Another added, “My earliest relationships, I’ve deleted all. Most recently, I only keep one, but none of us kissing in my camera roll just to respect my future partner.”
However, most of the responses fell somewhere in the middle.
“I deleted a lot of them, but also we did a lot of cool stuff and went a lot of places, so I kept some for sure!” someone wrote.
“I’m not deleting my whole life. Camera roll included,” another said. “Goes into a vault to hide, but I still want to see my life in pictures when I’m old! I think it’s crazy!”
“Archive is an option,” a third person added. “They don’t need to be gone forever, but when you decide to date again, future partners and their family shouldn’t have to see that stuff.”

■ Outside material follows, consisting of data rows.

lemma cycle_pair_inj:
  assumes "even k" "p < 2*k" "p' < 2*k" "cycle_pair k p = cycle_pair k p'"
  shows "p = p'"
proof -
  obtain h where k: "k = 2*h + 2"
    using assms(1,2) by (metis evenE less_nat_zero_code mult_0_right not0_implies_Suc mult_Suc_right add.commute)
  show ?thesis
    using assms(2-) unfolding cycle_pair_def k
    by (auto split: if_splits elim!: oddE evenE) (metis Suc_double_not_eq_double distrib_left)+
qed

lemma double_plus_bit_inj:
  "2 * a + of_bool b = 2 * (a'::nat) + of_bool b' \<Longrightarrow> a = a' \<and> b = b'"
  by (cases b; cases b') (auto simp: Suc_double_not_eq_double double_not_eq_Suc_double)

lemma double_plus_bit_less: "a < (n::nat) \<Longrightarrow> 2 * a + of_bool b < 2 * n"
  by (cases b) auto

lemma cycle_entry_less:
  assumes "0 < k" "p < 2*k" shows "cycle_entry k e p < 4*k"
proof -
  have "cycle_pair k (if e then shift_odd k p else p) < 2*k"
    using assms by (simp add: cycle_pair_less shift_odd_less)
  then show ?thesis unfolding cycle_entry_def using double_plus_bit_less by fastforce
qed

lemma cycle_entry_inj:
  assumes "even k" "0 < k" "p < 2*k" "p' < 2*k" "cycle_entry k e p = cycle_entry k e' p'"
  shows "e = e' \<and> p = p'"
proof -
  let ?s = "\<lambda>e p. if e then shift_odd k p else p"
  have "cycle_pair k (?s e p) = cycle_pair k (?s e' p')"
    and bit: "(e \<noteq> (p = 2*k - 2)) = (e' \<noteq> (p' = 2*k - 2))"
    using double_plus_bit_inj[OF assms(5)[unfolded cycle_entry_def]] by simp_all
  then have s: "?s e p = ?s e' p'"
    using cycle_pair_inj[OF assms(1)] assms(2-4) by (simp add: shift_odd_less split: if_splits)
  show ?thesis
  proof (cases "e = e'")
    case True
    then show ?thesis using s shift_odd_shift_odd[OF assms(1)] assms(3,4) by metis
  next
    case False
    then have "(p = 2*k - 2) = (p' = 2*k - 2)"
      using s shift_odd_eq_iff_last[OF assms(1)] by (cases e) auto
    then show ?thesis using bit False by blast
  qed
qed

definition pair_partner :: "nat \<Rightarrow> nat" where
  "pair_partner n = (if even n then n + 1 else n - 1)"

lemma pair_partner_double_plus_bit: "pair_partner (2 * a + of_bool b) = 2 * a + of_bool (\<not> b)"
  by (cases b) (simp_all add: pair_partner_def)

lemma pair_partner_div2: "pair_partner n div 2 = n div 2"
  by (simp add: pair_partner_def) presburger

lemma pair_partner_cycle_entry:
  assumes "even k" "p < 2*k"
  shows "pair_partner (cycle_entry k e p) = cycle_entry k (\<not> e) (shift_odd k p)"
  using assms shift_odd_shift_odd[OF assms] shift_odd_eq_iff_last[OF assms(1), of p]
  by (cases e) (simp_all add: cycle_entry_def pair_partner_double_plus_bit)

lemma concat_map_pairs:
  "concat (map (\<lambda>m. [u m, v m]) [0..<n]) = map (\<lambda>p. if even p then u (p div 2) else v (p div 2)) [0..<2*n]"
proof (induction n)
  case (Suc n)
  have "[0..<2 * Suc n] = [0..<2*n] @ [2*n, 2*n + 1]" by simp
  then show ?case using Suc by simp
qed simp

lemma upt_double_split:
  assumes "2 \<le> k"
  shows "[0..<2*k] = [0..<k] @ map (\<lambda>p. p + k) [0..<k - 2] @ [2*k - 2, 2*k - 1]"
proof -
  obtain m where k: "k = m + 2" using assms le_Suc_ex by (metis add.commute)
  have "[0..<2*k] = [0..<k + m] @ [k + m, k + m + 1]" by (simp add: k mult_2)
  also have "[0..<k + m] = [0..<k] @ [k..<k + m]" by (rule upt_add_eq_append) simp
  also have "[k..<k + m] = map (\<lambda>p. p + k) [0..<k - 2]"
    using map_add_upt[of k m] by (simp only: k diff_add_inverse2 add.commute)
  finally show ?thesis by (simp add: k)
qed

lemma cycle_entry_False_low:
  assumes "even k" "0 < k" "p < k"
  shows "cycle_entry k False p = (if even p then p else 2*p + 2*k - 4)"
proof -
  have "p < 2*k - 2" "p \<noteq> 2*k - 2" using assms by presburger+
  then show ?thesis unfolding cycle_entry_def cycle_pair_def using assms(3) by (simp add: diff_mult_distrib2)
qed

lemma cycle_entry_False_high:
  assumes "even k" "p < k - 2"
  shows "cycle_entry k False (p + k) = (if even p then p + k else 2*p + 2*k - 2)"
proof -
  have "p + k < 2*k - 2" "p + k \<noteq> 2*k - 2" using assms by presburger+
  then show ?thesis unfolding cycle_entry_def cycle_pair_def using assms(1)
    by (simp add: diff_mult_distrib2)
qed

lemma cycle_entry_False_last:
  assumes "even k" "0 < k"
  shows "cycle_entry k False (2*k - 2) = 4*k - 1" "cycle_entry k False (2*k - 1) = 4*k - 4"
proof -
  have "\<not> 2*k - 2 < k" "\<not> 2*k - 1 < k" "2*k - 1 \<noteq> 2*k - 2" using assms by presburger+
  then show "cycle_entry k False (2*k - 2) = 4*k - 1" "cycle_entry k False (2*k - 1) = 4*k - 4"
    unfolding cycle_entry_def cycle_pair_def using assms(2) by (simp_all add: diff_mult_distrib2)
qed

lemma cycle_entry_True_low:
  assumes "even k" "0 < k" "p < k"
  shows "cycle_entry k True p = (if even p then p + 1 else 2*p + 2*k - 1)"
proof (cases "even p")
  case True
  have "p < 2*k - 2" "p \<noteq> 2*k - 2" using assms by presburger+
  then show ?thesis unfolding cycle_entry_def cycle_pair_def shift_odd_def using True by simp
next
  case False
  have "p + k < 2*k" "p \<noteq> 2*k - 2" "odd (p + k)" "p + k < 2*k - 2 \<or> p = k - 1" "p + k \<noteq> 2*k - 2"
    using assms False by presburger+
  then show ?thesis unfolding cycle_entry_def cycle_pair_def shift_odd_def using False
    by (auto simp add: diff_mult_distrib2)
qed

lemma cycle_entry_True_high:
  assumes "even k" "p < k - 2"
  shows "cycle_entry k True (p + k) = (if even p then p + k + 1 else 2*p + 2*k - 3)"
proof (cases "even p")
  case True
  have "p + k < 2*k - 2" "p + k \<noteq> 2*k - 2" using assms by presburger+
  then show ?thesis unfolding cycle_entry_def cycle_pair_def shift_odd_def using True assms(1) by simp
next
  case False
  have "(p + k + k) mod (2*k) = p" "p < k" "p + k \<noteq> 2*k - 2" "2*p + 2*k \<ge> 4"
    using assms False by (auto elim: oddE)
  then show ?thesis unfolding cycle_entry_def cycle_pair_def shift_odd_def using False assms(1)
    by (simp add: diff_mult_distrib2)
qed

However, one individual seemed to have no shame about their past—and zero intention to hide any of it.
“My past relationships reflect the life I’ve lived,” the person wrote. “No regrets, no filter. If the new girl has a problem with that, we should do more fun things and take our own photos. Write the new chapter.”
This is a personal decision, and there’s really no right or wrong. If you want to keep some photos to look back on when you’re older, I see nothing wrong with that.
However, if a relationship was abusive or ended in a form of betrayal, it’s natural to want to delete all evidence it ever existed.
To determine whether you should keep photos of your ex, KATE recommended asking yourself the following questions:
- “Do these images bring back happy memories, sad ones, or am I indifferent?”
- “If my partner saw these pictures, would I feel the need to explain or justify them?”
- “Am I holding on because I’m not fully over that chapter, or just because I haven’t thought to delete them?”
Your responses to these questions will tell you a lot about your intentions behind keeping or deleting the photos. However, the choice is ultimately yours.